According to Harvard Business Review, the average office worker receives around 120 emails per day. That means if you switch to a keyboard shortcut you could get back four minutes of your day. That comes out to 20 minutes per workweek or 16 hours and 40 minutes per year! 

So, just by using a button on your keyboard, you can save two full workdays per year. And that's not even counting your email usage outside of work. When you consider the fact that this is just one of many keyboard shortcuts, and keyboard shortcuts are just one of many strategies that can save you seconds, you can see why I'm so obsessive about this.

Here are a few other simple examples found in daily life:

  • Organizing daily pills into a weekly pill box instead of opening multiple bottles every morning.
  • Using a password manager instead of trying to manually remember passwords.
  • Brushing your teeth in the shower.
  • Using an electric kettle to boil water faster.
  • Setting all bills to autopay and using auto shipping whenever possible.
  • Taking phone calls while walking your dog or during your commute.
  • Canceling a work meeting in favor of sending a video recording.

Now, if you save 20 seconds every day by using a pill box, that's equivalent to two hours per year. It's not exactly earth-shattering on its own, but when combined with other similar tactics you can start to see real value. That's the key mindset shift that needs to occur. One small change is insignificant, but lots of small changes can make a huge difference. 

Also, if we consider that on average we work 2,000 hours a year, saving two hours per year is like being 1% more productive at your job. 

This type of thinking really shines in the workplace, where the effects are compounded across an entire team of people. If you were to extend the previous email shortcut across a ten-person team, that adds up to around 167 cumulative hours saved per year. If you figure an average rate of $50 per hour, you're looking at over $8,000 in time savings just by implementing a keyboard shortcut.

Virtually every job involves some sort of repetition. Anything you do multiple times per day or week at your job can likely be optimized—and this is easy to do when you're thinking in terms of seconds. For example, a tool like Zapier allows you to create custom automations between softwares. It can do simple tasks that you'd otherwise have to do manually—an incredibly useful tool for saving seconds (and sometimes hours).

Let's say you want to send out every new company blog post to your team in Slack. In just a few minutes, you could create an automation where every time a blog post is published, Zapier sends the link to a Slack channel. Now, instead of spending 30 seconds doing this manually, it's done automatically. 

And this doesn't just apply to knowledge workers. Just the other day, I ordered a smoothie and noticed the employee had to move about three feet away from the blender to throw the banana peel into the trash. I pointed out that if he just moved the trash can directly next to the blender, he could save himself a few seconds every time he makes a smoothie.

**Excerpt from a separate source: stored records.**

(* Let $0<b\leq a$ and let $\mathcal E(a,b)=\{x=(x_1,x_2)\in\mathbb R^2 : (x_1/a)^2+(x_2/b)^2=1\}$. For $q=(q_1,q_2)\in\mathbb R^2$ define $$\mathbf d^2(q):=\min\{|x-q|^2 : x\in\mathcal E(a,b)\}$$ and the quartic polynomial in $\lambda$ $$P(\lambda):=\big((\lambda-a^2)(\lambda-b^2)\big)^2-a^2q_1^2(\lambda-b^2)^2-b^2q_2^2(\lambda-a^2)^2 .$$ Let $\lambda^*(q)$ denote the smallest real root of $P$. Then $$\mathbf d^2(q)=\begin{cases} \left(\dfrac{\lambda^*(q)}{a^2-\lambda^*(q)}\,q_1\right)^2+\left(\dfrac{\lambda^*(q)}{b^2-\lambda^*(q)}\,q_2\right)^2 & \text{if } q_2\neq 0 \text{ or } a^2-a|q_1|<b^2,\\[2mm] b^2 & \text{if } q_1=q_2=0,\\[2mm] b^2-\dfrac{b^2}{a^2-b^2}\,q_1^2 & \text{if } q_2=0,\ q_1\neq 0 \text{ and } a^2-a|q_1|\geq b^2. \end{cases}$$ Moreover, $\lambda^*(q)=a^2-a|q|$ if $a=b$; if $b<a$ and $q_2\neq0$, $\lambda^*(q)$ is the unique root of $P$ in $(-\infty,b^2)$; and if $b<a$ and $q_2=0$, $\lambda^*(q)=\min\{a^2-a|q_1|,\,b^2\}$.
   Context: $|\cdot|$ denotes the Euclidean norm on $\mathbb R^2$. $\mathbf d^2(q)$ is the squared Euclidean distance from $q$ to the ellipse curve $\mathcal E(a,b)$ (centered at the origin with semi-axes $a$ along the $x_1$-axis and $b$ along the $x_2$-axis). *)

theory Defs
  imports Complex_Main
begin

definition ellipse :: "real \<Rightarrow> real \<Rightarrow> (real \<times> real) set" where
  "ellipse a b = {(x1, x2). (x1 / a)^2 + (x2 / b)^2 = 1}"

definition sqdists :: "real \<Rightarrow> real \<Rightarrow> real \<Rightarrow> real \<Rightarrow> real set" where
  "sqdists a b q1 q2 = {(x1 - q1)^2 + (x2 - q2)^2 | x1 x2. (x1, x2) \<in> ellipse a b}"

text \<open>d^2(q): the minimum of the squared distances (taken as the infimum; the theorem also
  asserts it is attained).\<close>
definition dist2_ell :: "real \<Rightarrow> real \<Rightarrow> real \<Rightarrow> real \<Rightarrow> real" where
  "dist2_ell a b q1 q2 = Inf (sqdists a b q1 q2)"

definition Pq :: "real \<Rightarrow> real \<Rightarrow> real \<Rightarrow> real \<Rightarrow> real \<Rightarrow> real" where
  "Pq a b q1 q2 l = ((l - a^2) * (l - b^2))^2 - a^2 * q1^2 * (l - b^2)^2
                      - b^2 * q2^2 * (l - a^2)^2"

definition lam_star :: "real \<Rightarrow> real \<Rightarrow> real \<Rightarrow> real \<Rightarrow> real" where
  "lam_star a b q1 q2 = (LEAST l. Pq a b q1 q2 l = 0)"

end

theory Submission
  imports Defs
begin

When you start to look for these small time-savings, you'll notice that they're all around you. The problem is that most of us are so ingrained in doing things the way we've always done them, that we don't seek them out. After working with thousands of teams, I can tell you first hand that no one wants to change the way they work. It can be frustrating, difficult, and annoying—at least initially. But once you get over that first hurdle and start to accept that there are better ways to get things done, you open yourself up to a world of possibilities

And while achieving lots of small wins in your daily life can be significant, there's something even bigger at play here. Imagine if everyone in an organization adopted this mentality. Imagine if your entire family did. When groups as a whole embrace this type of thinking, it can be truly game-changing.

And it all starts by recognizing the true value of a second.